Old Age and Despair

In 1940 Hilaire Belloc wrote to a friend:

“Old Age is, I do assure you, the most horrible lingering (and incurable) disease ever pupped or calved. It’s funny that the books lie so horribly about it! To read the books one would think that old age was a lovely interlude between the pleasures of this life and the blaze of Beatitude…But the reality is quite other. Old Age is a tangle of Disappointment, Despair, Doubt, Dereliction, Drooping, Debt, and Damnable Deficiency and everything else that begins with a D”.

[How about Delight?}

Hope this cheers you up!

Youth and Old Age

Hilaire Belloc (1870-1953) was a prominent public figure and literary personality, larger than life, a brilliant debater, a lover of beer and wine (like G. K.Chesterton, who was his great friend) and physically very robust, muscular, an epic walker (he once walked from Paris to Rome, and across much of America) and legendary sailor (his Cruise of the “Nona”,1925, was a bestseller). Sadly, towards the end of his life, he became ill, lonely (beloved wife and two sons dead), and forced to churn out journalism and books for money.
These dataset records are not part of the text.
(* Let $T>0$, $\lambda>0$, $\varrho\ge0$, $\phi\ge0$ and $G\in\mathcal G$. Then for every $t\in[0,T]$ the operator $\mathbf D_t=2\lambda\,{\rm id}+\tilde{\mathbf G}_t+\tilde{\mathbf G}_t^*+2\phi\,\mathbf 1_t^*\mathbf 1_t$ on $L^2([0,T],\mathbb R)$ is positive definite, self-adjoint and invertible.
   Context: A kernel $G:[0,T]^2\to[0,\infty)$ is Volterra if $G(t,s)=0$ for $s\ge t$, nonnegative definite if $\int_0^T\int_0^T(G(t,s)+G(s,t))f(s)f(t)dsdt\ge0$ for all $f\in L^2([0,T],\mathbb R)$; $\mathcal G$ is the class of nonnegative definite Volterra kernels with $\sup_t\int_0^T|G(t,s)|^2ds+\sup_s\int_0^T|G(t,s)|^2dt<\infty$ and $\lim_{h\to0}\int_0^T|G(t+h,s)-G(t,s)|^2ds=0$ for each $t$. $\tilde G(t,s)=2\varrho\mathbb 1_{\{s<t\}}+G(t,s)$; $\tilde{\mathbf G}_t$ is the integral operator with kernel $\tilde G(s,u)\mathbb 1_{\{u\ge t\}}$, i.e. $(\tilde{\mathbf G}_tf)(s)=\int_0^T\tilde G(s,u)\mathbb 1_{\{u\ge t\}}f(u)du$; $\mathbf 1_t$ is the integral operator $(\mathbf 1_tf)(u)=\int_0^T\mathbb 1_{\{u\ge s\}}\mathbb 1_{\{s\ge t\}}f(s)ds$; ${}^*$ denotes the $L^2$-adjoint; ${\rm id}$ is the identity. Positive definite means $\langle\mathbf D_tf,f\rangle>0$ for all nonzero $f$. *)

theory Defs
  imports "HOL-Analysis.Analysis"
begin

abbreviation LT :: "real \<Rightarrow> real measure" where
  "LT T \<equiv> lebesgue_on {0..T}"

text \<open>L^2([0,T],R): measurable, square-integrable real functions (elements are
  representatives; equality in L^2 is almost-everywhere equality).\<close>
definition L2 :: "real \<Rightarrow> (real \<Rightarrow> real) set" where
  "L2 T = {f. f \<in> borel_measurable (LT T) \<and> integrable (LT T) (\<lambda>x. (f x)\<^sup>2)}"

definition inner_L2 :: "real \<Rightarrow> (real \<Rightarrow> real) \<Rightarrow> (real \<Rightarrow> real) \<Rightarrow> real" where
  "inner_L2 T f g = (\<integral>x. f x * g x \<partial>LT T)"

definition norm_L2 :: "real \<Rightarrow> (real \<Rightarrow> real) \<Rightarrow> real" where
  "norm_L2 T f = sqrt (\<integral>x. (f x)\<^sup>2 \<partial>LT T)"

definition volterra :: "real \<Rightarrow> (real \<Rightarrow> real \<Rightarrow> real) \<Rightarrow> bool" where
  "volterra T G \<longleftrightarrow> (\<forall>t\<in>{0..T}. \<forall>s\<in>{0..T}. s \<ge> t \<longrightarrow> G t s = 0)"

definition nonneg_definite :: "real \<Rightarrow> (real \<Rightarrow> real \<Rightarrow> real) \<Rightarrow> bool" where
  "nonneg_definite T G \<longleftrightarrow>
     (\<forall>f\<in>L2 T. (\<integral>t. (\<integral>s. (G t s + G s t) * f s * f t \<partial>LT T) \<partial>LT T) \<ge> 0)"

definition kernel_class :: "real \<Rightarrow> (real \<Rightarrow> real \<Rightarrow> real) \<Rightarrow> bool" where
  "kernel_class T G \<longleftrightarrow>
     (\<lambda>(t, s). G t s) \<in> borel_measurable (lebesgue_on ({0..T} \<times> {0..T})) \<and>
     (\<forall>t\<in>{0..T}. \<forall>s\<in>{0..T}. G t s \<ge> 0) \<and>
     volterra T G \<and> nonneg_definite T G \<and>
     (\<exists>C::real. (\<forall>t\<in>{0..T}. (\<integral>\<^sup>+ s. ennreal ((G t s)\<^sup>2) \<partial>LT T) \<le> ennreal C) \<and>
                (\<forall>s\<in>{0..T}. (\<integral>\<^sup>+ t. ennreal ((G t s)\<^sup>2) \<partial>LT T) \<le> ennreal C)) \<and>
     (\<forall>t\<in>{0..T}. ((\<lambda>u. \<integral>\<^sup>+ s. ennreal ((G u s - G t s)\<^sup>2) \<partial>LT T) \<longlongrightarrow> 0)
                     (at t within {0..T}))"

definition kop :: "real \<Rightarrow> (real \<Rightarrow> real \<Rightarrow> real) \<Rightarrow> (real \<Rightarrow> real) \<Rightarrow> (real \<Rightarrow> real)" where
  "kop T K f = (\<lambda>x. \<integral>y. K x y * f y \<partial>LT T)"

definition kadj :: "(real \<Rightarrow> real \<Rightarrow> real) \<Rightarrow> (real \<Rightarrow> real \<Rightarrow> real)" where
  "kadj K = (\<lambda>x y. K y x)"

definition Gtilde :: "real \<Rightarrow> (real \<Rightarrow> real \<Rightarrow> real) \<Rightarrow> real \<Rightarrow> real \<Rightarrow> real" where
  "Gtilde \<rho> G t s = 2 * \<rho> * (if s < t then 1 else 0) + G t s"

definition Gt_kernel :: "real \<Rightarrow> (real \<Rightarrow> real \<Rightarrow> real) \<Rightarrow> real \<Rightarrow> real \<Rightarrow> real \<Rightarrow> real" where
  "Gt_kernel \<rho> G t = (\<lambda>s u. Gtilde \<rho> G s u * (if u \<ge> t then 1 else 0))"

definition one_kernel :: "real \<Rightarrow> real \<Rightarrow> real \<Rightarrow> real" where
  "one_kernel t = (\<lambda>u s. (if u \<ge> s then 1 else 0) * (if s \<ge> t then 1 else 0))"

definition D_op :: "real \<Rightarrow> real \<Rightarrow> real \<Rightarrow> real \<Rightarrow> (real \<Rightarrow> real \<Rightarrow> real) \<Rightarrow> real
                     \<Rightarrow> (real \<Rightarrow> real) \<Rightarrow> (real \<Rightarrow> real)" where
  "D_op T lam \<rho> \<phi> G t f = (\<lambda>x. 2 * lam * f x
      + kop T (Gt_kernel \<rho> G t) f x
      + kop T (kadj (Gt_kernel \<rho> G t)) f x
      + 2 * \<phi> * kop T (kadj (one_kernel t)) (kop T (one_kernel t) f) x)"

end

(*
  Write D_t = 2 lam id + A + adj A + 2 phi (adj B) B, where A is the integral operator with
  kernel Gtilde(s,u) 1{u >= t} and B = 1_t.  Cutting f off below t costs nothing because G is
  Volterra, and then <A f + adj A f, f> = rho (int g)^2 + <G g + adj G g, g> with g = f 1{. >= t};
  both terms are nonnegative, so <D_t f, f> >= 2 lam |f|^2, while Fubini makes D_t self-adjoint.
  A bounded operator with <D f, f> >= a |f|^2 is injective with bounded inverse, and also
  surjective: for c = a / M^2 the residual map r |-> r - c D r contracts by sqrt (1 - (a/M)^2),
  so the Richardson iteration for D f = g is an absolutely summable series, which converges in L^2.
  Since G is only measurable for the completed product measure, everything is done for a Borel
  kernel that agrees with G almost everywhere along almost every row and column.
*)
theory Submission
  imports Defs
begin

section \<open>Square-integrable functions on $[0,T]$\<close>

interpretation LT: finite_measure "LT T" for T
  by (rule finite_measure_lebesgue_on) auto

lemma L2_borel_measurable [measurable_dest]: "f \<in> L2 T \<Longrightarrow> f \<in> borel_measurable (LT T)"
  by (simp add: L2_def)

lemma L2_integrable_square: "f \<in> L2 T \<Longrightarrow> integrable (LT T) (\<lambda>x. (f x)\<^sup>2)"
  by (simp add: L2_def)

lemma L2I: "f \<in> borel_measurable (LT T) \<Longrightarrow> integrable (LT T) (\<lambda>x. (f x)\<^sup>2) \<Longrightarrow> f \<in> L2 T"
  by (simp add: L2_def)

lemma borel_measurable_LT_id [measurable]: "(\<lambda>x. x) \<in> borel_measurable (LT T)"
  using id_borel_measurable_lebesgue_on by (simp add: id_def)

lemma AE_LT_space: "AE x in LT T. x \<in> {0..T}"
  by (metis AE_space space_lebesgue_on)

lemma AE_LT_if_AE_lborel: "AE x in lborel. P x \<Longrightarrow> AE x in LT T. P x"
  by (simp add: AE_restrict_space_iff AE_completion eventually_mono)

lemma abs_mult_le_sum_squares: "\<bar>x * y\<bar> \<le> x\<^sup>2 + (y::real)\<^sup>2"
proof -
  have "2 * (\<bar>x\<bar> * \<bar>y\<bar>) \<le> x\<^sup>2 + y\<^sup>2"
    using sum_squares_bound[of "\<bar>x\<bar>" "\<bar>y\<bar>"] by (simp add: mult.assoc)
  moreover have "0 \<le> \<bar>x\<bar> * \<bar>y\<bar>" by simp
  ultimately show ?thesis unfolding abs_mult by linarith
qed

lemma integrable_mult_L2:
  assumes "f \<in> L2 T" "g \<in> L2 T"
  shows "integrable (LT T) (\<lambda>x. f x * g x)"
proof (rule Bochner_Integration.integrable_bound)
  show "integrable (LT T) (\<lambda>x. (f x)\<^sup>2 + (g x)\<^sup>2)"
    using assms by (auto intro: L2_integrable_square)
  show "AE x in LT T. norm (f x * g x) \<le> norm ((f x)\<^sup>2 + (g x)\<^sup>2)"
    by (intro AE_I2) (simp add: abs_mult_le_sum_squares)
qed (use assms in measurable)

lemma integrable_L2: "f \<in> L2 T \<Longrightarrow> integrable (LT T) f"
  by (rule LT.square_integrable_imp_integrable) (auto intro: L2_integrable_square)

lemma L2_scale: assumes "f \<in> L2 T" shows "(\<lambda>x. c * f x) \<in> L2 T"
proof (rule L2I)
  show "integrable (LT T) (\<lambda>x. (c * f x)\<^sup>2)"
    using L2_integrable_square[OF assms] by (simp add: power_mult_distrib)
qed (use assms in measurable)

lemma L2_add: assumes "f \<in> L2 T" "g \<in> L2 T" shows "(\<lambda>x. f x + g x) \<in> L2 T"
proof (rule L2I)
  have "integrable (LT T) (\<lambda>x. (f x)\<^sup>2 + (g x)\<^sup>2 + 2 * f x * g x)"
    using assms by (intro Bochner_Integration.integrable_add L2_integrable_square integrable_mult_L2 L2_scale)
  then show "integrable (LT T) (\<lambda>x. (f x + g x)\<^sup>2)"
    by (simp add: power2_sum)
qed (use assms in measurable)

lemma L2_diff: "f \<in> L2 T \<Longrightarrow> g \<in> L2 T \<Longrightarrow> (\<lambda>x. f x - g x) \<in> L2 T"
  using L2_add[of f T "\<lambda>x. -1 * g x"] L2_scale[of g T "-1"] by simp

lemma L2_zero: "(\<lambda>x. 0) \<in> L2 T"
  by (rule L2I) auto

lemma L2_sum: "(\<And>i. i \<in> I \<Longrightarrow> u i \<in> L2 T) \<Longrightarrow> (\<lambda>x. \<Sum>i\<in>I. u i x) \<in> L2 T"
  by (induction I rule: infinite_finite_induct) (auto simp: L2_zero L2_add)

lemma L2_cut: "f \<in> L2 T \<Longrightarrow> (\<lambda>x. f x * (if t \<le> x then 1 else 0)) \<in> L2 T"
proof (rule L2I)
  assume f: "f \<in> L2 T"
  show m: "(\<lambda>x. f x * (if t \<le> x then 1 else 0)) \<in> borel_measurable (LT T)"
    using f by measurable
  show "integrable (LT T) (\<lambda>x. (f x * (if t \<le> x then 1 else 0))\<^sup>2)"
    using L2_integrable_square[OF f] by (rule Bochner_Integration.integrable_bound) (use m in auto)
qed

lemma borel_measurable_LT_AE_cong:
  fixes f g :: "real \<Rightarrow> real"
  assumes f: "f \<in> borel_measurable (LT T)" and ae: "AE x in LT T. f x = g x"
  shows "g \<in> borel_measurable (LT T)"
proof -
  have S: "{0..T} \<in> sets lebesgue" by simp
  have "(\<lambda>x. if x \<in> {0..T} then f x else 0) \<in> borel_measurable lebesgue"
    using borel_measurable_if[OF S] f by blast
  moreover have "AE x in lebesgue. (if x \<in> {0..T} then f x else 0) = (if x \<in> {0..T} then g x else 0)"
    using ae by (simp add: AE_restrict_space_iff)
  ultimately have "(\<lambda>x. if x \<in> {0..T} then g x else 0) \<in> borel_measurable lebesgue"
    by (rule borel_measurable_AE)
  then show ?thesis using borel_measurable_if[OF S] by blast
qed

lemma integral_LT_AE_cong:
  fixes f g :: "real \<Rightarrow> real"
  assumes "f \<in> borel_measurable (LT T)" "AE x in LT T. f x = g x"
  shows "integral\<^sup>L (LT T) f = integral\<^sup>L (LT T) g"
  by (rule integral_cong_AE[OF assms(1) borel_measurable_LT_AE_cong[OF assms] assms(2)])

lemma L2_AE_cong: assumes "f \<in> L2 T" "AE x in LT T. f x = g x" shows "g \<in> L2 T"
proof (rule L2I)
  show g: "g \<in> borel_measurable (LT T)"
    by (rule borel_measurable_LT_AE_cong[OF L2_borel_measurable[OF assms(1)] assms(2)])
  show "integrable (LT T) (\<lambda>x. (g x)\<^sup>2)"
  proof (rule integrable_cong_AE_imp[OF L2_integrable_square[OF assms(1)]])
    show "AE x in LT T. (f x)\<^sup>2 = (g x)\<^sup>2"
      using assms(2) by eventually_elim simp
  qed (use g in measurable)
qed

lemma norm_L2_nonneg: "0 \<le> norm_L2 T f"
  by (simp add: norm_L2_def)

lemma norm_L2_square: "(norm_L2 T f)\<^sup>2 = (\<integral>x. (f x)\<^sup>2 \<partial>LT T)"
  by (simp add: norm_L2_def integral_nonneg_AE)

lemma inner_L2_self: "inner_L2 T f f = (norm_L2 T f)\<^sup>2"
  unfolding inner_L2_def norm_L2_square by (simp add: power2_eq_square)

lemma inner_L2_commute: "inner_L2 T f g = inner_L2 T g f"
  by (simp add: inner_L2_def mult.commute)

lemma inner_L2_AE_cong:
  assumes "f \<in> L2 T" "g \<in> L2 T" "AE x in LT T. f x = f' x"
  shows "inner_L2 T f' g = inner_L2 T f g"
proof -
  have "AE x in LT T. f x * g x = f' x * g x"
    using assms(3) by eventually_elim simp
  then show ?thesis
    unfolding inner_L2_def
    by (rule integral_LT_AE_cong[OF borel_measurable_integrable[OF integrable_mult_L2[OF assms(1,2)]], symmetric])
qed

lemma norm_L2_AE_cong:
  assumes "f \<in> L2 T" "AE x in LT T. f x = g x"
  shows "norm_L2 T g = norm_L2 T f"
proof -
  have "AE x in LT T. (f x)\<^sup>2 = (g x)\<^sup>2"
    using assms(2) by eventually_elim simp
  then show ?thesis
    unfolding norm_L2_def
    by (rule integral_LT_AE_cong[OF borel_measurable_integrable[OF L2_integrable_square[OF assms(1)]],
          THEN arg_cong, symmetric])
qed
He wrote candidly to Charlotte Balfour after what was probably a minor stroke:

“All my life I have been so strong in body and mind that with this weakness I feel like another person – like a sheep or a wet rag. I cannot recognize myself for being myself, but all misfortune has this good that it helps one to understand other people and their troubles…
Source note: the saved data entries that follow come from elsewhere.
(* Let $V$ be an $m$-dimensional vector space of differentiable functions with basis $B=\{f_1,\ldots,f_m\}$ such that $f'\in V$ for every $f\in V$, and let $\mathcal D$ be the $m\times m$ matrix differential operator of $V$ with respect to $B$. Let $\phi_n(s)=a_ns^n+\cdots+a_1s+a_0$ be a polynomial of degree $n$ with $a_0=\phi_n(0)\neq 0$, and let $\frac{1}{\phi_n(s)}=\sum_{k=0}^\infty c_ks^k$ be its Maclaurin expansion. Assume the matrix $\phi_n(\mathcal D)$ is invertible. Let $g\in V$ with coordinate vector $\mathbf g=[g]_B$. Then: (i) for all complex $t$ with $|t|$ sufficiently small, the vector series $\sum_{k=0}^\infty c_kt^k\mathcal D^k\mathbf g$ converges and equals $(\phi_n(t\mathcal D))^{-1}\mathbf g$, each of whose $m$ components is a rational function of $t$ defined at $t=0$ and at $t=1$; (ii) for each $j=1,\ldots,m$, the numerical series formed by the $j$-th components of $c_k\mathcal D^k\mathbf g$, $k=0,1,2,\ldots$, is summable by the Euler method $\mathfrak E$, and $$\sum_{k=0}^\infty c_k\mathcal D^k\mathbf g=(\phi_n(\mathcal D))^{-1}\mathbf g\quad(\mathfrak E)$$ componentwise; (iii) the function $y_p\in V$ with coordinate vector $(\phi_n(\mathcal D))^{-1}\mathbf g$ is a particular solution of the differential equation $\phi_n(D)y=g$.
   Context: Matrix differential operator: if $f_i'=\sum_{j=1}^m c_{ij}f_j$ for $i=1,\ldots,m$, then $\mathcal D$ is the $m\times m$ matrix whose $i$-th column is $(c_{i1},\ldots,c_{im})^T$, i.e. the coordinate vector of $f_i'$; for $f\in V$ with coordinate vector $\mathbf f=[f]_B$ one has $[f']_B=\mathcal D\mathbf f$. For a polynomial $\psi(s)=\sum_j b_js^j$, $\psi(\mathcal D)=\sum_j b_j\mathcal D^j$ (with $\mathcal D^0=I_m$) and $\psi(D)y=\sum_j b_jy^{(j)}$. Euler summation: a numerical series $\sum_{n=0}^\infty a_n$ is summable by the Euler method $\mathfrak E$ to $s$, written $\sum a_n=s\,(\mathfrak E)$, if the power series $\sum_{n=0}^\infty a_nt^n$ converges for all sufficiently small $|t|$ and its sum extends to a single-valued analytic function $F$ of the complex variable $t$ on an open connected region containing $0$ and $1$, with $F(1)=s$. *)

theory Defs
  imports "HOL-Analysis.Analysis" "HOL-Computational_Algebra.Polynomial"
begin

primrec matpow :: "'a::semiring_1^'n^'n \<Rightarrow> nat \<Rightarrow> 'a^'n^'n" where
  "matpow A 0 = mat 1"
| "matpow A (Suc k) = A ** matpow A k"

definition mat_scale :: "'a::times \<Rightarrow> 'a^'n^'m \<Rightarrow> 'a^'n^'m" where
  "mat_scale c A = (\<chi> i j. c * A $ i $ j)"

definition poly_matrix :: "'a::comm_ring_1 poly \<Rightarrow> 'a^'n^'n \<Rightarrow> 'a^'n^'n" where
  "poly_matrix p A = (\<Sum>j\<le>degree p. mat_scale (coeff p j) (matpow A j))"

primrec nth_vderiv :: "nat \<Rightarrow> (real \<Rightarrow> complex) \<Rightarrow> real \<Rightarrow> complex" where
  "nth_vderiv 0 y = y"
| "nth_vderiv (Suc k) y = (\<lambda>x. vector_derivative (nth_vderiv k y) (at x))"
But to tell you the truth I am more keen on salvation now, and ultimate repose than Fame… When we are young we are on an adventure and seeking new things and often discovering the right, but when we know how the world is made and what a doom there is on all and what mortality means, we are concerned rather with avoiding the things oppressive and difficult”.
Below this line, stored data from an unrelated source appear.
datatype 'o hform =
    Prop nat
  | HNot "'o hform"
  | HAnd "'o hform" "'o hform"
  | Aq "'o pform"
  | Kn "'o hform"
  | Delta 'o "'o hform"
and 'o pform =
    Hist "'o hform"
  | PNot "'o pform"
  | PAnd "'o pform" "'o pform"
  | Nx "'o pform"
  | Until "'o pform" "'o pform"

record ('s, 'o) model =
  APf :: "nat set"
  St :: "'s set"
  Tr :: "('s \<times> 's) set"
  Val :: "'s \<Rightarrow> nat set"
  Sim :: "'o \<Rightarrow> ('s \<times> 's) set"
  sinit :: 's
  oinit :: 'o

definition wf_model :: "('s, 'o::finite) model \<Rightarrow> bool" where
  "wf_model M \<longleftrightarrow>
     finite (APf M) \<and> finite (St M) \<and>
     Tr M \<subseteq> St M \<times> St M \<and> (\<forall>s\<in>St M. \<exists>s'. (s, s') \<in> Tr M) \<and>
     (\<forall>s\<in>St M. Val M s \<subseteq> APf M) \<and>
     (\<forall>ob. equiv (St M) (Sim M ob)) \<and>
     sinit M \<in> St M"

definition is_path :: "('s, 'o) model \<Rightarrow> (nat \<Rightarrow> 's) \<Rightarrow> bool" where
  "is_path M \<pi> \<longleftrightarrow> (\<forall>i. \<pi> i \<in> St M \<and> (\<pi> i, \<pi> (Suc i)) \<in> Tr M)"

definition is_history :: "('s, 'o) model \<Rightarrow> 's list \<Rightarrow> bool" where
  "is_history M h \<longleftrightarrow> (\<exists>\<pi>. is_path M \<pi> \<and> h \<noteq> [] \<and> (\<forall>i<length h. h ! i = \<pi> i))"

definition hprefix :: "'s list \<Rightarrow> (nat \<Rightarrow> 's) \<Rightarrow> bool" where
  "hprefix h \<pi> \<longleftrightarrow> (\<forall>i<length h. \<pi> i = h ! i)"

definition path_upto :: "(nat \<Rightarrow> 's) \<Rightarrow> nat \<Rightarrow> 's list" where
  "path_upto \<pi> n = map \<pi> [0..<Suc n]"

type_synonym 'o obs_record = "('o \<times> nat) list"

definition rec_at :: "'o obs_record \<Rightarrow> nat \<Rightarrow> 'o obs_record" where
  "rec_at r n = filter (\<lambda>p. snd p = n) r"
Do you ever feel like this?

ps This didn’t stop him writing lives of William the Conqueror and Charles I in the next few months.

The Human Spirit: Its Heights and Limits

In December 1917 Hilaire Belloc (who had lost a son in the world war then raging) wrote to Wilfred Blunt on hearing of the death of an old friend:

“You agree with me on the impossibility of dealing, not adequately indeed, but at all, with the circumstances that the affections & memories and aims of the human spirit are utterly out of scale with its habitations & limits here. The inequality of lives is the chief mark of that tragic circumstance”.

The Sea Provides visions, Darknesses, Revelations

In one of Hilaire Belloc’s most popular books The Cruise of the Nona (1914) he wrote:

“All that which concerns the sea is profound and final. The sea provides visions, darknesses, revelations… It has rendered remote the cares and wastes of the land; for of all creatures that move and breathe upon the earth we of mankind are the fullest of sorrows. But the sea shall comfort us, and perpetually show us new things and assure us. It is the common sacrament of this world”.